Ida Wikander, Frida E Lundberg, Hanna Nilsson, Birgit Borgström, Kenny A Rodriguez-Wallberg, Ida Wikander, Frida E Lundberg, Hanna Nilsson, Birgit Borgström, Kenny A Rodriguez-Wallberg

Abstract

Background: Hematological stem cell transplantation (HSCT) is an established method which has markedly increased the survival rate of hematologic malignancies since its introduction in the 1980's. The conditioning for HSCT has known gonadotoxic effects and often leads to premature loss of fertility. In this study we have prospectively followed a cohort of girls undergoing HSCT and studied the outcomes of fertility preservation treatments performed before or after HSCT, as well as the long-term reproductive outcome.

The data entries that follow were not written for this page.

lemma pd_tf: "pd (tf n k a b) p c = (\<Sum>i<n. \<Sum>l<n.
      (if c = Vc b i then 1 else 0) * Zpow n p k i l * wf p a l
    + vf p b i * dZpow n p c k i l * wf p a l
    + vf p b i * Zpow n p k i l * (if c = Wc a l then 1 else 0))"
proof -
  have tf_fun: "tf n k a b = (\<lambda>p. \<Sum>i<n. \<Sum>l<n. p (Vc b i) * Zpow n p k i l * p (Wc a l))"
    by (rule ext) (simp add: tf_Zpow vf_def wf_def)
  have "((\<lambda>t. tf n k a b (p(c := p c + t))) has_field_derivative (\<Sum>i<n. \<Sum>l<n.
      (if c = Vc b i then 1 else 0) * Zpow n p k i l * wf p a l
    + vf p b i * dZpow n p c k i l * wf p a l
    + vf p b i * Zpow n p k i l * (if c = Wc a l then 1 else 0))) (at 0)"
    unfolding tf_fun
  proof (intro DERIV_sum)
    fix i l
    show "((\<lambda>t. (p(c := p c + t)) (Vc b i) * Zpow n (p(c := p c + t)) k i l * (p(c := p c + t)) (Wc a l))
       has_field_derivative
        (if c = Vc b i then 1 else 0) * Zpow n p k i l * wf p a l
      + vf p b i * dZpow n p c k i l * wf p a l
      + vf p b i * Zpow n p k i l * (if c = Wc a l then 1 else 0)) (at 0)"
    proof -
      have "((\<lambda>t. (p(c := p c + t)) (Vc b i) * Zpow n (p(c := p c + t)) k i l * (p(c := p c + t)) (Wc a l))
         has_field_derivative
         ((if Vc b i = c then 1 else 0) * Zpow n (p(c := p c + 0)) k i l
           + dZpow n p c k i l * (p(c := p c + 0)) (Vc b i)) * (p(c := p c + 0)) (Wc a l)
         + (if Wc a l = c then 1 else 0) * ((p(c := p c + 0)) (Vc b i) * Zpow n (p(c := p c + 0)) k i l)) (at 0)"
        by (intro DERIV_mult coord_update_deriv Zpow_update_deriv)
      then show ?thesis by (rule DERIV_cong) (auto simp: vf_def wf_def algebra_simps)
    qed
  qed
  then show ?thesis unfolding pd_def by (rule DERIV_imp_deriv)
qed

lemma pd_tf_Xc: "pd (tf n k a b) p (Xc i j) = 0"
  by (simp add: pd_tf dZpow_eq_0)

lemma pd_tf_Vc: "pd (tf n k a b) p (Vc x j) = kd x b * ZpowW n p a k j"
proof -
  have "pd (tf n k a b) p (Vc x j)
      = (\<Sum>i<n. \<Sum>l<n. (if x = b \<and> j = i then 1 else 0) * Zpow n p k i l * wf p a l)"
    by (simp add: pd_tf dZpow_eq_0)
  also have "\<dots> = (\<Sum>i<n. if i = j then kd x b * ZpowW n p a k i else 0)"
    by (rule sum.cong) (auto simp: ZpowW_def kd_def)
  finally show ?thesis by (simp add: ZpowW_outside)
qed

lemma pd_tf_Wc: "pd (tf n k a b) p (Wc x j) = kd x a * VZpow n p b k j"
proof -
  have "pd (tf n k a b) p (Wc x j)
      = (\<Sum>l<n. \<Sum>i<n. vf p b i * Zpow n p k i l * (if x = a \<and> j = l then 1 else 0))"
    by (simp add: pd_tf dZpow_eq_0) (rule sum.swap)
  also have "\<dots> = (\<Sum>l<n. if l = j then kd x a * VZpow n p b k l else 0)"
    by (rule sum.cong) (auto simp: VZpow_def kd_def)
  finally show ?thesis by (simp add: VZpow_outside)
qed

lemma pd_tf_Zc: "pd (tf n k a b) p (Zc u v) = (\<Sum>m<k. VZpow n p b m u * ZpowW n p a (k - 1 - m) v)"
proof -
  have "pd (tf n k a b) p (Zc u v)
      = (\<Sum>i<n. \<Sum>l<n. \<Sum>m<k. (vf p b i * Zpow n p m i u) * (Zpow n p (k - 1 - m) v l * wf p a l))"
    by (simp add: pd_tf dZpow_Zc sum_distrib_left sum_distrib_right mult.assoc)
  also have "\<dots> = (\<Sum>m<k. \<Sum>i<n. \<Sum>l<n. (vf p b i * Zpow n p m i u) * (Zpow n p (k - 1 - m) v l * wf p a l))"
    by (rule sum_move_innermost_out_2)
  also have "\<dots> = (\<Sum>m<k. VZpow n p b m u * ZpowW n p a (k - 1 - m) v)"
    by (simp add: VZpow_def ZpowW_def sum_product)
  finally show ?thesis .
qed

lemma pd_trZ: "pd (trZ n i) p c = (\<Sum>j<n. dZpow n p c i j j)"
proof -
  have "((\<lambda>t. trZ n i (p(c := p c + t))) has_field_derivative (\<Sum>j<n. dZpow n p c i j j)) (at 0)"
    unfolding trZ_Zpow by (intro DERIV_sum Zpow_update_deriv)
  then show ?thesis unfolding pd_def by (rule DERIV_imp_deriv)
qed

lemma pd_trZ_eq_0: "(\<And>i j. c \<noteq> Zc i j) \<Longrightarrow> pd (trZ n k) p c = 0"
  by (simp add: pd_trZ dZpow_eq_0)

lemma pd_trZ_Zc: "pd (trZ n i) p (Zc u v) = of_nat i * Zpow n p (i - 1) v u"
proof -
  have "pd (trZ n i) p (Zc u v) = (\<Sum>m<i. \<Sum>j<n. Zpow n p (i - 1 - m) v j * Zpow n p m j u)"
    by (simp add: pd_trZ dZpow_Zc mult.commute) (rule sum.swap)
  also have "\<dots> = (\<Sum>m<i. Zpow n p (i - 1) v u)"
    by (rule sum.cong) (auto simp: Zpow_add[symmetric])
  finally show ?thesis by simp
qed

section \<open>The bracket as a sum of coordinate blocks\<close>

definition Xcoords :: "nat \<Rightarrow> coord set" where
  "Xcoords n = (\<lambda>(i, j). Xc i j) ` ({..<n} \<times> {..<n})"

definition Zcoords :: "nat \<Rightarrow> coord set" where
  "Zcoords n = (\<lambda>(i, j). Zc i j) ` ({..<n} \<times> {..<n})"

definition Vcoords :: "nat \<Rightarrow> nat \<Rightarrow> coord set" where
  "Vcoords n d = (\<lambda>(a, j). Vc a j) ` ({1..d} \<times> {..<n})"

definition Wcoords :: "nat \<Rightarrow> nat \<Rightarrow> coord set" where
  "Wcoords n d = (\<lambda>(a, j). Wc a j) ` ({1..d} \<times> {..<n})"

lemma sum_Zcoords: "(\<Sum>c\<in>Zcoords n. h c) = (\<Sum>i<n. \<Sum>j<n. h (Zc i j))"
  unfolding Zcoords_def
  by (subst sum.reindex) (auto simp: inj_on_def sum.cartesian_product intro!: sum.cong split: prod.splits)

lemma sum_Vcoords: "(\<Sum>c\<in>Vcoords n d. h c) = (\<Sum>a\<in>{1..d}. \<Sum>j<n. h (Vc a j))"
  unfolding Vcoords_def
  by (subst sum.reindex) (auto simp: inj_on_def sum.cartesian_product intro!: sum.cong split: prod.splits)

lemma sum_Wcoords: "(\<Sum>c\<in>Wcoords n d. h c) = (\<Sum>a\<in>{1..d}. \<Sum>j<n. h (Wc a j))"
  unfolding Wcoords_def
  by (subst sum.reindex) (auto simp: inj_on_def sum.cartesian_product intro!: sum.cong split: prod.splits)

lemma sum_coords:
  "(\<Sum>c\<in>coords n d. h c) = (\<Sum>c\<in>Xcoords n. h c) + (\<Sum>c\<in>Zcoords n. h c)
     + (\<Sum>c\<in>Vcoords n d. h c) + (\<Sum>c\<in>Wcoords n d. h c)"
proof -
  have coords: "coords n d = Xcoords n \<union> Zcoords n \<union> Vcoords n d \<union> Wcoords n d"
    by (simp add: coords_def Xcoords_def Zcoords_def Vcoords_def Wcoords_def)
  show ?thesis unfolding coords
    by (subst sum.union_disjoint, auto simp: Xcoords_def Zcoords_def Vcoords_def Wcoords_def)+
qed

Methods: In this one-center prospective study, 39 girls counselled for fertility preservation prior to or after conditioning for HSCT for malignant or benign diseases at childhood or adolescence between 1990 and 2017 were included. The patients were presented with the option to undergo cryopreservation of ovarian tissue or oocytes depending on their age and the time available. Follicle counts of the ovarian tissue and number of oocytes collected before or after HSCT were compared between patients treated for benign and malignant diseases. Hormone measurements post HSCT treatment, including FSH and AMH, reproductive outcomes and overall survival until January 2021 were investigated.

Results: In total, 34 girls and adolescents underwent fertility preservation before or after HSCT. Before HSCT, ovarian tissue was cryopreserved in 15 patients and two patients had oocytes preserved. Thirteen patients cryopreserved ovarian tissue after HSCT and seven patients returned to cryopreserve oocytes. Follicles were present in all tissue samples collected prior to HSCT, and in more than half of the samples collected post-HSCT. Half of the patients had spontaneous menarche or resumed menstruation post HSCT. Overall, 35 patients had survived at end of follow up and 7 patients had achieved parenthood.

Conclusions: Since fertility loss is common following HSCT, fertility preservation should be offered to all patients. Fertility preservation treatments can be performed both before and after HSCT.

Clinical trial registration: https://ichgcp.net/clinical-trials-registry/NCT04602962, identifier NTC04602962.

Keywords: chemotherapy; cryopreservation; fertility preservation; gonadal toxicity; hematological stem cell transplantation; infertility; oocytes; ovarian tissue.

Conflict of interest statement

The authors declare that the research was conducted in the absence of any commercial or financial relationships that could be construed as a potential conflict of interest.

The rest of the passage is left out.